Introduction of the amount of visual perception reflected light

In the following examination, the quantity of visual perception (reflection) light was calculated | required as follows.

Regarding the amount of visual perception light, there are Fechner's law and Steven's law (Matsuda Takao, published by Baifuukan 2000, p. 10-12). In Pehina's law, the amount of visual light is the logarithm of the amount of physical light. When the light source is regarded as a point light source and Stevens' law is applied, the square root of the amount of physical light becomes the amount of visual perceptual light. Although it is quantitatively different based on either the laws of Fehina and Stevens, many conclusions are the same and there is no error. Here, the amount of visual perceptual light is determined based on Steven's law, and when it is reflected light, the brightness of diamond is evaluated as the amount of visual perceptual reflected light.
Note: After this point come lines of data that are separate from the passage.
lemma dens_denom_even_iff:
  "(\<forall>t. dens_denom w1 w2 t = dens_denom w1 w2 (- t))
     \<longleftrightarrow> (1 + (cmod w1)\<^sup>2) * Im w2 + (1 + (cmod w2)\<^sup>2) * Im w1 = 0 \<and> Im (w1 * w2) = 0"
    (is "?even \<longleftrightarrow> ?A = 0 \<and> ?B = 0")
proof
  assume ?even
  then have odd0: "sin t * (?A - 2 * cos t * ?B) = 0" for t
    using dens_denom_odd_part[of w1 w2 t] by simp
  from odd0[of "pi / 2"] have "?A = 0"
    by simp
  moreover from odd0[of "pi / 3"] have "?A - ?B = 0"
    by (simp add: sin_60 cos_60)
  ultimately show "?A = 0 \<and> ?B = 0"
    by simp
next
  assume "?A = 0 \<and> ?B = 0"
  then show ?even
    using dens_denom_odd_part[of w1 w2] by (simp add: diff_eq_eq)
qed

lemma symmetric_circ_dens_iff_even:
  assumes "p1 \<in> unit_disc" "p2 \<in> unit_disc"
  shows "symmetric_circ (dens p1 p2)
    \<longleftrightarrow> (\<exists>z. \<forall>t. dens_denom (p1 * cis (- z)) (p2 * cis (- z)) t
                  = dens_denom (p1 * cis (- z)) (p2 * cis (- z)) (- t))"
proof -
  have "dens p1 p2 (cis (z - t)) = dens_coeff p1 p2 / dens_denom (p1 * cis (- z)) (p2 * cis (- z)) (- t)"
    for z t
    using dens_cis_add[of p1 p2 z "- t"] by simp
  then show ?thesis
    unfolding symmetric_circ_def dens_cis_add
    using dens_coeff_pos[OF assms] by (simp add: divide_cancel_left)
qed

lemma Im_mult_cnj_norm_diff_eq_0_if:
  assumes "(1 + (cmod w1)\<^sup>2) * Im w2 + (1 + (cmod w2)\<^sup>2) * Im w1 = 0" "Im (w1 * w2) = 0"
    and "cmod w1 < 1" "cmod w2 < 1"
  shows "Im (w1 * cnj w2) * ((cmod w1)\<^sup>2 - (cmod w2)\<^sup>2) = 0"
proof (cases "Im w1 = 0")
  case True
  moreover have "0 < 1 + (cmod w1)\<^sup>2"
    by (simp add: add_pos_nonneg)
  ultimately have "Im w2 = 0"
    using assms(1) by simp
  with \<open>Im w1 = 0\<close> show ?thesis
    by simp
next
  case False
  define u v where "u = (cmod w1)\<^sup>2" and "v = (cmod w2)\<^sup>2"
  have "u * (Im w2)\<^sup>2 = (Re w1 * Im w2)\<^sup>2 + (Im w1 * Im w2)\<^sup>2"
    unfolding u_def cmod_power2 by (simp add: algebra_simps power2_eq_square)
  also have "Re w1 * Im w2 = - (Im w1 * Re w2)"
    using assms(2) by (simp add: eq_neg_iff_add_eq_0)
  finally have uv: "u * (Im w2)\<^sup>2 = v * (Im w1)\<^sup>2"
    unfolding v_def cmod_power2 by (simp add: algebra_simps power2_eq_square)
  have "((1 + u) * Im w2)\<^sup>2 = ((1 + v) * Im w1)\<^sup>2"
    using assms(1) unfolding u_def v_def by (simp add: eq_neg_iff_add_eq_0[symmetric])
  then have "u * (1 + v)\<^sup>2 * (Im w1)\<^sup>2 = (1 + u)\<^sup>2 * (u * (Im w2)\<^sup>2)"
    by (simp add: power_mult_distrib ac_simps)
  also have "\<dots> = (1 + u)\<^sup>2 * v * (Im w1)\<^sup>2"
    unfolding uv by (simp only: ac_simps)
  finally have "(u * (1 + v)\<^sup>2 - (1 + u)\<^sup>2 * v) * (Im w1)\<^sup>2 = 0"
    by (simp add: algebra_simps)
  then have "u * (1 + v)\<^sup>2 - (1 + u)\<^sup>2 * v = 0"
    using False by simp
  then have "(u - v) * (1 - u * v) = 0"
    by (simp add: algebra_simps power2_eq_square)
  moreover have "u * v < 1"
    using assms(3,4) unfolding u_def v_def
    by (simp add: abs_square_less_1 mult_left_le[of _ "(cmod w1)\<^sup>2", THEN le_less_trans] less_imp_le)
  ultimately have "u = v"
    by simp
  then show ?thesis
    unfolding u_def v_def by simp
qed

lemma mult_cis_eq_polar: "p * cis a = of_real (cmod p) * cis (Arg p + a)"
proof -
  have "p * cis a = rcis (cmod p) (Arg p) * cis a"
    by (simp only: rcis_cmod_Arg)
  then show ?thesis
    by (simp add: rcis_def cis_mult mult.assoc)
qed

lemma exists_rotation_real_or_conj:
  assumes "Im (p1 * cnj p2) * ((cmod p1)\<^sup>2 - (cmod p2)\<^sup>2) = 0"
  shows "\<exists>z. (Im (p1 * cis (- z)) = 0 \<and> Im (p2 * cis (- z)) = 0)
             \<or> p2 * cis (- z) = cnj (p1 * cis (- z))"
proof (cases "Im (p1 * cnj p2) = 0")
  case True
  show ?thesis
  proof (cases "p1 = 0")
    case True
    have "Im (p2 * cis (- Arg p2)) = 0"
      using mult_cis_eq_polar[of p2 "- Arg p2"] by simp
    with True show ?thesis
      by (intro exI[of _ "Arg p2"]) simp
  next
    case False
    have p1_real: "p1 * cis (- Arg p1) = of_real (cmod p1)"
      using mult_cis_eq_polar[of p1 "- Arg p1"] by simp
    have "of_real (cmod p1) * cnj (p2 * cis (- Arg p1)) = p1 * cnj p2"
      using mult_cis_mult_cnj[of p1 "- Arg p1" p2] unfolding p1_real .
    from arg_cong[OF this, of Im] have "cmod p1 * Im (p2 * cis (- Arg p1)) = 0"
      using \<open>Im (p1 * cnj p2) = 0\<close> by (simp; linarith)
    with False p1_real show ?thesis
      by (intro exI[of _ "Arg p1"]) simp
  qed
next
  case False
  with assms have "(cmod p1)\<^sup>2 = (cmod p2)\<^sup>2"
    by simp
  then have same_norm: "cmod p2 = cmod p1"
    by (simp add: power2_eq_iff_nonneg)
  define z where "z = (Arg p1 + Arg p2) / 2"
  have "p1 * cis (- z) = of_real (cmod p1) * cis ((Arg p1 - Arg p2) / 2)"
    using mult_cis_eq_polar[of p1 "- z"] unfolding z_def by (simp add: field_simps)
  moreover have "p2 * cis (- z) = of_real (cmod p1) * cis ((Arg p2 - Arg p1) / 2)"
    using mult_cis_eq_polar[of p2 "- z"] unfolding z_def same_norm by (simp add: field_simps)
  ultimately have "p2 * cis (- z) = cnj (p1 * cis (- z))"
    by (simp add: cis_cnj minus_divide_left)
  then show ?thesis
    by blast
qed

lemma symmetric_circ_dens_iff:
  assumes "p1 \<in> unit_disc" "p2 \<in> unit_disc"
  shows "symmetric_circ (dens p1 p2) \<longleftrightarrow> Im (p1 * cnj p2) * ((cmod p1)\<^sup>2 - (cmod p2)\<^sup>2) = 0"
proof
  assume "symmetric_circ (dens p1 p2)"
  then obtain z where "\<forall>t. dens_denom (p1 * cis (- z)) (p2 * cis (- z)) t
                        = dens_denom (p1 * cis (- z)) (p2 * cis (- z)) (- t)"
    using symmetric_circ_dens_iff_even[OF assms] by blast
  moreover have "cmod (p1 * cis (- z)) < 1" "cmod (p2 * cis (- z)) < 1"
    using assms unfolding unit_disc_def by (simp_all add: norm_mult)
  ultimately have "Im (p1 * cis (- z) * cnj (p2 * cis (- z)))
      * ((cmod (p1 * cis (- z)))\<^sup>2 - (cmod (p2 * cis (- z)))\<^sup>2) = 0"
    unfolding dens_denom_even_iff by (intro Im_mult_cnj_norm_diff_eq_0_if) auto
  then show "Im (p1 * cnj p2) * ((cmod p1)\<^sup>2 - (cmod p2)\<^sup>2) = 0"
    unfolding mult_cis_mult_cnj by (simp add: norm_mult)
next
  assume "Im (p1 * cnj p2) * ((cmod p1)\<^sup>2 - (cmod p2)\<^sup>2) = 0"
  then obtain z where "(Im (p1 * cis (- z)) = 0 \<and> Im (p2 * cis (- z)) = 0)
                       \<or> p2 * cis (- z) = cnj (p1 * cis (- z))"
    using exists_rotation_real_or_conj by blast
  moreover have "\<forall>t. dens_denom w1 w2 t = dens_denom w1 w2 (- t)"
    if "(Im w1 = 0 \<and> Im w2 = 0) \<or> w2 = cnj w1" for w1 w2
    using that unfolding dens_denom_even_iff by auto
  ultimately have "\<forall>t. dens_denom (p1 * cis (- z)) (p2 * cis (- z)) t
               = dens_denom (p1 * cis (- z)) (p2 * cis (- z)) (- t)"
    by blast
  then show "symmetric_circ (dens p1 p2)"
    using symmetric_circ_dens_iff_even[OF assms] by blast
qed

lemma one_minus_rho_p_le:
  assumes "p1 \<in> unit_disc" "p2 \<in> unit_disc"
  shows "1 - rho_p p1 p2 \<le> (1 + cmod p2) / (1 - cmod p2) * (1 - cmod p1)"
proof -
  define a b where "a = cmod p1" and "b = cmod p2"
  have ab: "0 \<le> a" "a < 1" "0 \<le> b" "b < 1"
    using assms unfolding unit_disc_def a_def b_def by auto
  define N where "N = cmod (of_real (1 - b\<^sup>2) * p1 + of_real (1 - a\<^sup>2) * p2)"
  define D where "D = 1 - (a * b)\<^sup>2"
  have rho: "rho_p p1 p2 = N / D"
    unfolding rho_p_def N_def D_def a_def b_def by (simp add: norm_mult)
  have "(1 - b\<^sup>2) * a - (1 - a\<^sup>2) * b
      = cmod (of_real (1 - b\<^sup>2) * p1) - cmod (of_real (1 - a\<^sup>2) * p2)"
    unfolding norm_mult norm_of_real a_def[symmetric] b_def[symmetric]
    using ab by (simp add: abs_of_nonneg power_le_one)
  also have "\<dots> \<le> N"
    unfolding N_def by (rule norm_diff_ineq)
  finally have N_ge: "(1 - b\<^sup>2) * a - (1 - a\<^sup>2) * b \<le> N" .
  have "1 + a * b\<^sup>2 + b * (1 + a) \<le> (1 + b)\<^sup>2"
    using mult_left_le[of a "b\<^sup>2"] mult_left_le[of a b] ab
    by (simp add: power2_eq_square algebra_simps)
  then have "(1 - a) * (1 + a * b\<^sup>2 + b * (1 + a)) \<le> (1 - a) * (1 + b)\<^sup>2"
    using ab by (intro mult_left_mono) auto
  moreover have "D - ((1 - b\<^sup>2) * a - (1 - a\<^sup>2) * b) = (1 - a) * (1 + a * b\<^sup>2 + b * (1 + a))"
    unfolding D_def by (simp add: algebra_simps power2_eq_square)
  ultimately have DN: "D - N \<le> (1 - a) * (1 + b)\<^sup>2"
    using N_ge by linarith
  have b2: "0 < 1 - b\<^sup>2"
    using ab by (simp add: abs_square_less_1)
  have D_ge: "1 - b\<^sup>2 \<le> D"
    unfolding D_def using ab mult_left_le[of "a\<^sup>2" "b\<^sup>2"]
    by (simp add: power_mult_distrib power_le_one mult.commute)
  have "1 - rho_p p1 p2 = (D - N) / D"
    unfolding rho using b2 D_ge by (simp add: field_simps)
  also have "\<dots> \<le> (1 - a) * (1 + b)\<^sup>2 / D"
    using DN b2 D_ge by (intro divide_right_mono) auto
  also have "\<dots> \<le> (1 - a) * (1 + b)\<^sup>2 / (1 - b\<^sup>2)"
    using b2 D_ge ab by (intro divide_left_mono) auto
  also have "\<dots> = (1 + b) / (1 - b) * (1 - a)"
  proof -
    have "1 - b\<^sup>2 = (1 - b) * (1 + b)"
      by (simp add: algebra_simps power2_eq_square)
    then show ?thesis
      using ab by (simp add: power2_eq_square)
  qed
  finally show ?thesis
    unfolding a_def b_def .
qed

lemma skew_weight_lower_bound:
  assumes "p1 \<in> unit_disc" "p2 \<in> unit_disc" "p1 \<noteq> - p2"
  defines "C \<equiv> (1 + cmod p2) / (1 - cmod p2)"
  shows "(1 - cmod p2)\<^sup>2 * (1 - (cmod p2)\<^sup>2) * C powr (-3/2) * (1 - cmod p1) powr (-1/2)
           \<le> skew_weight p1 p2"
proof -
  define a b where "a = cmod p1" and "b = cmod p2"
  have ab: "0 \<le> a" "a < 1" "0 \<le> b" "b < 1"
    using assms unfolding unit_disc_def a_def b_def by auto
  have C: "0 < C"
    unfolding C_def b_def[symmetric] using ab by simp
  have w: "cmod (p1 * cnj p2) = a * b"
    unfolding a_def b_def by (simp add: norm_mult)
  have D: "0 < 1 - (a * b)\<^sup>2" "1 - (a * b)\<^sup>2 \<le> 1"
    using norm_mult_cnj_less_one[OF assms(1,2)] ab unfolding w
    by (simp_all add: abs_square_less_1)
  have rho: "0 < rho_p p1 p2" "rho_p p1 p2 < 1"
    using rho_p_pos[OF assms(1-3)] rho_p_less_one[OF assms(1,2)] .
  have "1 - b \<le> 1 - a * b"
    using ab mult_left_le[of a b] by (simp add: mult.commute)
  also have "\<dots> \<le> cmod (1 - p1 * cnj p2)"
    using norm_triangle_ineq2[of 1 "p1 * cnj p2"] w by simp
  finally have "(1 - b)\<^sup>2 \<le> (cmod (1 - p1 * cnj p2))\<^sup>2"
    using ab by (intro power_mono) auto
  also have "\<dots> \<le> (cmod (1 - p1 * cnj p2))\<^sup>2 / (1 - (a * b)\<^sup>2) ^ 3"
    using D by (simp add: le_divide_eq power_le_one mult_left_le)
  finally have F1: "(1 - b)\<^sup>2 \<le> (cmod (1 - p1 * cnj p2))\<^sup>2 / (1 - (a * b)\<^sup>2) ^ 3" .
  have F2: "1 \<le> 1 / (rho_p p1 p2)\<^sup>2"
    using rho by (simp add: power_le_one)
  have "(C * (1 - a)) powr (-3/2) \<le> (1 - rho_p p1 p2) powr (-3/2)"
    using one_minus_rho_p_le[OF assms(1,2)] rho
    unfolding C_def a_def b_def by (intro powr_mono2') auto
  moreover have "1 - a \<le> 1 - a\<^sup>2"
    using ab by (simp add: power2_eq_square mult_left_le)
  ultimately have "(1 - a) * (C * (1 - a)) powr (-3/2) \<le> (1 - a\<^sup>2) * (1 - rho_p p1 p2) powr (-3/2)"
    using ab by (intro mult_mono) auto
  moreover have "(1 - a) * (C * (1 - a)) powr (-3/2) = C powr (-3/2) * (1 - a) powr (-1/2)"
    using ab C by (simp add: powr_mult powr_add[symmetric] powr_mult_base)
  ultimately have F3: "C powr (-3/2) * (1 - a) powr (-1/2) \<le> (1 - a\<^sup>2) * (1 - rho_p p1 p2) powr (-3/2)"
    by simp
  have "(1 - b)\<^sup>2 * 1 * (C powr (-3/2) * (1 - a) powr (-1/2)) * (1 - b\<^sup>2)
      \<le> (cmod (1 - p1 * cnj p2))\<^sup>2 / (1 - (a * b)\<^sup>2) ^ 3 * (1 / (rho_p p1 p2)\<^sup>2)
         * ((1 - a\<^sup>2) * (1 - rho_p p1 p2) powr (-3/2)) * (1 - b\<^sup>2)"
  proof (rule mult_mono[OF mult_mono[OF mult_mono[OF F1 F2] F3] order_refl])
    have "0 < (1 - (a * b)\<^sup>2) ^ 3" "0 \<le> 1 - a\<^sup>2" "0 \<le> 1 - b\<^sup>2"
      using D ab by (simp_all add: abs_square_le_1)
    then show "0 \<le> (cmod (1 - p1 * cnj p2))\<^sup>2 / (1 - (a * b)\<^sup>2) ^ 3 * (1 / (rho_p p1 p2)\<^sup>2)"
      and "0 \<le> (cmod (1 - p1 * cnj p2))\<^sup>2 / (1 - (a * b)\<^sup>2) ^ 3 * (1 / (rho_p p1 p2)\<^sup>2)
                * ((1 - a\<^sup>2) * (1 - rho_p p1 p2) powr (-3/2))"
      and "0 \<le> (cmod (1 - p1 * cnj p2))\<^sup>2 / (1 - (a * b)\<^sup>2) ^ 3"
      and "0 \<le> 1 - b\<^sup>2"
      by simp_all
  qed simp_all
  then show ?thesis
    unfolding skew_weight_def w a_def[symmetric] b_def[symmetric] by (simp only: ac_simps mult_1_right)
qed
In the following investigation, the amount of visually-reflected reflected light is obtained by calculating the square root of the physical reflected light amount 10 for each pattern having a size of 30 mesh or more among the reflected light patterns of the diamond, and adding the value to all the patterns. It was.

In addition, when obtaining the physical reflected light amount, it cut | disconnected the mesh which divided the radius of the diamond into 100 equal parts, and calculated | required the light quantity density for every mesh. Since the diamond is about several mm in radius, each mesh is several hundred micrometers ² in size. The amount of light was calculated only for patterns having a size of 30 mesh or more in consideration of the human visible size.

In addition, when a diamond with a round brilliant cut is observed on the table surface, it is rotationally symmetrical every 45 °, and is symmetrically every 22.5 ° within the range of 45 °, so every 22.5 ° passing through the central axis (z-axis) The quantity of light is calculated | required for every cutting member cut | disconnected from the surface.

In other words,

Amount of visually reflected light = Σ {(physical reflected light amount for every pattern of 30 mesh or more in the cutting member) / 10} ^1/2

It was set as. In addition, (Sigma) is a sum of patterns in a 1 cutting member here.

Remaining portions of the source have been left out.